### DATA EXTRACT
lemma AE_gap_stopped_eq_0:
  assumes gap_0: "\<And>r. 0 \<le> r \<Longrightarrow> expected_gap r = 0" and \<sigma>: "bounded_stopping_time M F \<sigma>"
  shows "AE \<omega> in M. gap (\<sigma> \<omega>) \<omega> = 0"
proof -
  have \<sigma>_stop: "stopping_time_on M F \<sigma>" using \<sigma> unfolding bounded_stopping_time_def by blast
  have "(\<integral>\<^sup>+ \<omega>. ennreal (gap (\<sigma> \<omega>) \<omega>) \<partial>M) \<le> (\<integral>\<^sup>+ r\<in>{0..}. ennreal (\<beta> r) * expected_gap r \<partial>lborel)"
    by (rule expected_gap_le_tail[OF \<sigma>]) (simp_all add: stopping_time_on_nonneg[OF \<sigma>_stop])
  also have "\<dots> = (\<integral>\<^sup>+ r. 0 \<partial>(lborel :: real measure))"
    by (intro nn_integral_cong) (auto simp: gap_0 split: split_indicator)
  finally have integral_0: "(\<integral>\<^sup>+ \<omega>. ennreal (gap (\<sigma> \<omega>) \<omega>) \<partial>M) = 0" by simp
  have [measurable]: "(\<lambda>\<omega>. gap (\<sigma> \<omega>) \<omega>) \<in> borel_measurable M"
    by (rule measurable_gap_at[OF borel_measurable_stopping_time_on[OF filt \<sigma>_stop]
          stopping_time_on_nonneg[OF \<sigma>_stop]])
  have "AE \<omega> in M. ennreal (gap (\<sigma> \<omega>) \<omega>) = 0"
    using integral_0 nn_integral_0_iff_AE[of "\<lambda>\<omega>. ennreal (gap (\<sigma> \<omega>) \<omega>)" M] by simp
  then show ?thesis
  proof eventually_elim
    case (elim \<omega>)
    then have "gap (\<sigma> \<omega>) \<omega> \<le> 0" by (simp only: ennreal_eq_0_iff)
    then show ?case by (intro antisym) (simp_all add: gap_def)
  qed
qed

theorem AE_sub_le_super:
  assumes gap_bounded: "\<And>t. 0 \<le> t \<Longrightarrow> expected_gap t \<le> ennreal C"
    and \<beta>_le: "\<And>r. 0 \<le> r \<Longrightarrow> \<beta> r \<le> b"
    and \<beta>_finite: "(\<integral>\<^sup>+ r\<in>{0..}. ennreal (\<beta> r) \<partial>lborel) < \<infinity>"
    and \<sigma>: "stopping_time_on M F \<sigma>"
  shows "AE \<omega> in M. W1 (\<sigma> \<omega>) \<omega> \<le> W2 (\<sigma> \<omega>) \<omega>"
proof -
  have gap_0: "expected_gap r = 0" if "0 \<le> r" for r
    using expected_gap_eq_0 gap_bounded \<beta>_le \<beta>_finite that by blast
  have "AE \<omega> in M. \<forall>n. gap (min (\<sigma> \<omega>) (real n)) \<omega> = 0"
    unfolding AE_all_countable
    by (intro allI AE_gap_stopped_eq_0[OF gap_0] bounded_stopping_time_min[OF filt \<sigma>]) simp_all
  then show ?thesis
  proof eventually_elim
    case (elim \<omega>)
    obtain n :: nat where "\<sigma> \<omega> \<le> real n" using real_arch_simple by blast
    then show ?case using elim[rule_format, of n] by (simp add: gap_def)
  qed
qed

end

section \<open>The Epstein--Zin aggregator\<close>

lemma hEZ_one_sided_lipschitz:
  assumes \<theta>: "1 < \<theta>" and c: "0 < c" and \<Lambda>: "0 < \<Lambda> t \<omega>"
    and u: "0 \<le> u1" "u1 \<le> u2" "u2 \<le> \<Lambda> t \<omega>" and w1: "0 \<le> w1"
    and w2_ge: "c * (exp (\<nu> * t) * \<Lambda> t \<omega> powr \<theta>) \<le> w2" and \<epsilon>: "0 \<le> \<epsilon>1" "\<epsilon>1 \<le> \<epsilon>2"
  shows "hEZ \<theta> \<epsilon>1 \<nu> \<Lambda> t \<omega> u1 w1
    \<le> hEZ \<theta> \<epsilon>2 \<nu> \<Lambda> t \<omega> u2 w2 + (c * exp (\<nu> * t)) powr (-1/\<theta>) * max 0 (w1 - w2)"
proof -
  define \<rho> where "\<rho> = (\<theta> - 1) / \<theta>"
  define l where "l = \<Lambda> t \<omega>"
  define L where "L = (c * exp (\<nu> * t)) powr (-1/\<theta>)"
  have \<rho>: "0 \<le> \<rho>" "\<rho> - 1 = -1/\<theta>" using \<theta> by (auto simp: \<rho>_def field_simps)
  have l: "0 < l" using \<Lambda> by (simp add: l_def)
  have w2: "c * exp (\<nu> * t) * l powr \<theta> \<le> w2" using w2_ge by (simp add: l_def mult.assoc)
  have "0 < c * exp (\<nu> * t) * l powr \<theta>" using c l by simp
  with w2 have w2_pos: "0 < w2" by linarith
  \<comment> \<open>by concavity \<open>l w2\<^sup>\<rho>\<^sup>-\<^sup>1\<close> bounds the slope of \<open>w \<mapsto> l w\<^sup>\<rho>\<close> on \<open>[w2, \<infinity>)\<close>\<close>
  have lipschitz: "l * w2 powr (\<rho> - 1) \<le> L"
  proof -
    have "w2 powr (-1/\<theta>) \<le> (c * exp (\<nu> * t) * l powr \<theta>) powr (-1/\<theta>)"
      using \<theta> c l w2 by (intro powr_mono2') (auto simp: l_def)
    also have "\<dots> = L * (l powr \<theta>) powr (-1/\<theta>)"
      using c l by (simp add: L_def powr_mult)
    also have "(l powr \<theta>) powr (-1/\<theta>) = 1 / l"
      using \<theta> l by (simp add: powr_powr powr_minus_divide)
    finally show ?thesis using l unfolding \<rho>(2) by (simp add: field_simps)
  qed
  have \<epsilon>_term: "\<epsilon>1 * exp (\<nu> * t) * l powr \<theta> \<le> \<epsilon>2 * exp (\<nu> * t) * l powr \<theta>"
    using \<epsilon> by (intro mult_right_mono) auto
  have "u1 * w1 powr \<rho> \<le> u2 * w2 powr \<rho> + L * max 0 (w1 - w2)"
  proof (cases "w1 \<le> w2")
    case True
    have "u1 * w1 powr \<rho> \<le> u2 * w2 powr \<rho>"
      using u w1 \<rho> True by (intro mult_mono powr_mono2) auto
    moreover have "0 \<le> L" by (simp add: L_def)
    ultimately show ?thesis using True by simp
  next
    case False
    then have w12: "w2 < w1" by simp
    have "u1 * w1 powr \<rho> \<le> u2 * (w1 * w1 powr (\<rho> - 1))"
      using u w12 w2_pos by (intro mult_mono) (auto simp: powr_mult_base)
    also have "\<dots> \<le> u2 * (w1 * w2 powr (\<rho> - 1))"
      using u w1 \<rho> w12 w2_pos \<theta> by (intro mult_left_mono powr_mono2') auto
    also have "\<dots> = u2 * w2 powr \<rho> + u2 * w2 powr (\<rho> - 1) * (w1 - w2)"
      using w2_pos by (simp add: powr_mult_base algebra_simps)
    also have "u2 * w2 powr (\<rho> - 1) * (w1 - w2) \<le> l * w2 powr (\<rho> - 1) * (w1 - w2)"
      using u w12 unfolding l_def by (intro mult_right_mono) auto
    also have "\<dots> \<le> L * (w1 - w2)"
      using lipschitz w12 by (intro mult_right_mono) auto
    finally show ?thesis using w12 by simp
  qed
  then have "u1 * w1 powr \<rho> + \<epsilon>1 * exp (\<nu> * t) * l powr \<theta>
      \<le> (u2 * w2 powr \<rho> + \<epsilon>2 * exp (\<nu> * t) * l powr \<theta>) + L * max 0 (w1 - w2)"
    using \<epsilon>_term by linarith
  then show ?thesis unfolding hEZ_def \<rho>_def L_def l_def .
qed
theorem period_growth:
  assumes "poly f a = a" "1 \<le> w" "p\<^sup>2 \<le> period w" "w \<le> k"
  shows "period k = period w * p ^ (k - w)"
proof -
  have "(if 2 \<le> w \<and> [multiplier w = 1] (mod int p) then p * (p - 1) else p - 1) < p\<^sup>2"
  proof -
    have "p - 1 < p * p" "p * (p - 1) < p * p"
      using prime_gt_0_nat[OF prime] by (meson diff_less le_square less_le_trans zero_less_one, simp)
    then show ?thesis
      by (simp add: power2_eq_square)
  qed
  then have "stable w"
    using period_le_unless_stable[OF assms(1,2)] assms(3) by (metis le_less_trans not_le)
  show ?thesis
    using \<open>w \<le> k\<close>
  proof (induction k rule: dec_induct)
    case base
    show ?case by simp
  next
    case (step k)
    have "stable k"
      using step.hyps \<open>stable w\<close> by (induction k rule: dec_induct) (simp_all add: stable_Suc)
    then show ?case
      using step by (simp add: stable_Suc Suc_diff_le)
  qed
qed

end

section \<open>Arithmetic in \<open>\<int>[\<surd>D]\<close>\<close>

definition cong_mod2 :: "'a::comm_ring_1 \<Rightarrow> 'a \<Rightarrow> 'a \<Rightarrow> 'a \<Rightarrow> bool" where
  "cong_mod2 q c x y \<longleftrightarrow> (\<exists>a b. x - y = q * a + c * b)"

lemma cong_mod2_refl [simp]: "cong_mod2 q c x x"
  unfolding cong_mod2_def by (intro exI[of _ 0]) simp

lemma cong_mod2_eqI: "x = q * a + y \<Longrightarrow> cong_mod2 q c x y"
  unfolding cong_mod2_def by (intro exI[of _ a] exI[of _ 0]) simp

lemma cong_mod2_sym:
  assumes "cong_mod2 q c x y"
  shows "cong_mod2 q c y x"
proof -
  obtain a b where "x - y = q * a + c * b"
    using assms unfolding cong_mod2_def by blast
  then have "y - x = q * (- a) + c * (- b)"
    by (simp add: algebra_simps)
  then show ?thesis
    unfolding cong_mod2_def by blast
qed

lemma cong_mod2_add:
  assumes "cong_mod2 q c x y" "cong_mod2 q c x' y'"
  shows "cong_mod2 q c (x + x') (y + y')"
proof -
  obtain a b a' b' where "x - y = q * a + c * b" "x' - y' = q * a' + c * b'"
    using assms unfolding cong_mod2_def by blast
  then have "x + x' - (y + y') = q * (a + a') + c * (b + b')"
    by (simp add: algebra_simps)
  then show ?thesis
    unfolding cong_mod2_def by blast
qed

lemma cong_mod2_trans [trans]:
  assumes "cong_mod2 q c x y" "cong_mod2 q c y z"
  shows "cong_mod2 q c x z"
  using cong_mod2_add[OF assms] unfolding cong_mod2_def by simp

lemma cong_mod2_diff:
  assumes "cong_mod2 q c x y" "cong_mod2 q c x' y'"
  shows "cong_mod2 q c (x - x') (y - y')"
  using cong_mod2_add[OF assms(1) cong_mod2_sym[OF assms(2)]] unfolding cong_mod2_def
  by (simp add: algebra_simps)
--
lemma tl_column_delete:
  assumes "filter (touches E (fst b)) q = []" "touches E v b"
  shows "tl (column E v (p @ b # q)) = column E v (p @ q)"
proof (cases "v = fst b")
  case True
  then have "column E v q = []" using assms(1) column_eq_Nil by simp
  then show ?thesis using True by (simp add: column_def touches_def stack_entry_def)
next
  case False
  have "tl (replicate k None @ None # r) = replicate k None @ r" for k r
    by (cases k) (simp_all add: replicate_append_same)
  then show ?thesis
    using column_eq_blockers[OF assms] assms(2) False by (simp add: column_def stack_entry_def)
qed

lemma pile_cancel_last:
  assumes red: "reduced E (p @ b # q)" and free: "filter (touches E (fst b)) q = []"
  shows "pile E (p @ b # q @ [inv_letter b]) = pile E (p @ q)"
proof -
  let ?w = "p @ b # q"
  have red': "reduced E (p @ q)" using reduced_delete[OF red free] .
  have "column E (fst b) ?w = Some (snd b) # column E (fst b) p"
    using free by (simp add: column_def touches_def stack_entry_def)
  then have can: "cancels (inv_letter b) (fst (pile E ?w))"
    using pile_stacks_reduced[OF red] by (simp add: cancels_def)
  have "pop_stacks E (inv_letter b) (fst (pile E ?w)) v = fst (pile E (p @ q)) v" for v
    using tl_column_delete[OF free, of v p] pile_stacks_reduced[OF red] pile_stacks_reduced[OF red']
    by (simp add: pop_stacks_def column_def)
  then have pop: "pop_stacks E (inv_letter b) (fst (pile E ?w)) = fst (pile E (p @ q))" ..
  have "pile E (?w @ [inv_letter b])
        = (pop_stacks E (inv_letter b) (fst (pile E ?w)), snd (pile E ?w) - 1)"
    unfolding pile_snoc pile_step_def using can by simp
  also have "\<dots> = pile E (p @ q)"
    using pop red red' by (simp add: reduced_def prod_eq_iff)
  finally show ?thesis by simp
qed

### TASK BRIEF
Among the records, find every line holding the word "shows" and copy it.

### SOLUTION BELOW
  shows "AE \<omega> in M. gap (\<sigma> \<omega>) \<omega> = 0"
  shows "AE \<omega> in M. W1 (\<sigma> \<omega>) \<omega> \<le> W2 (\<sigma> \<omega>) \<omega>"
  shows "hEZ \<theta> \<epsilon>1 \<nu> \<Lambda> t \<omega> u1 w1
  shows "period k = period w * p ^ (k - w)"
  shows "cong_mod2 q c y x"
  shows "cong_mod2 q c (x + x') (y + y')"
  shows "cong_mod2 q c x z"
  shows "cong_mod2 q c (x - x') (y - y')"
  shows "tl (column E v (p @ b # q)) = column E v (p @ q)"
  shows "pile E (p @ b # q @ [inv_letter b]) = pile E (p @ q)"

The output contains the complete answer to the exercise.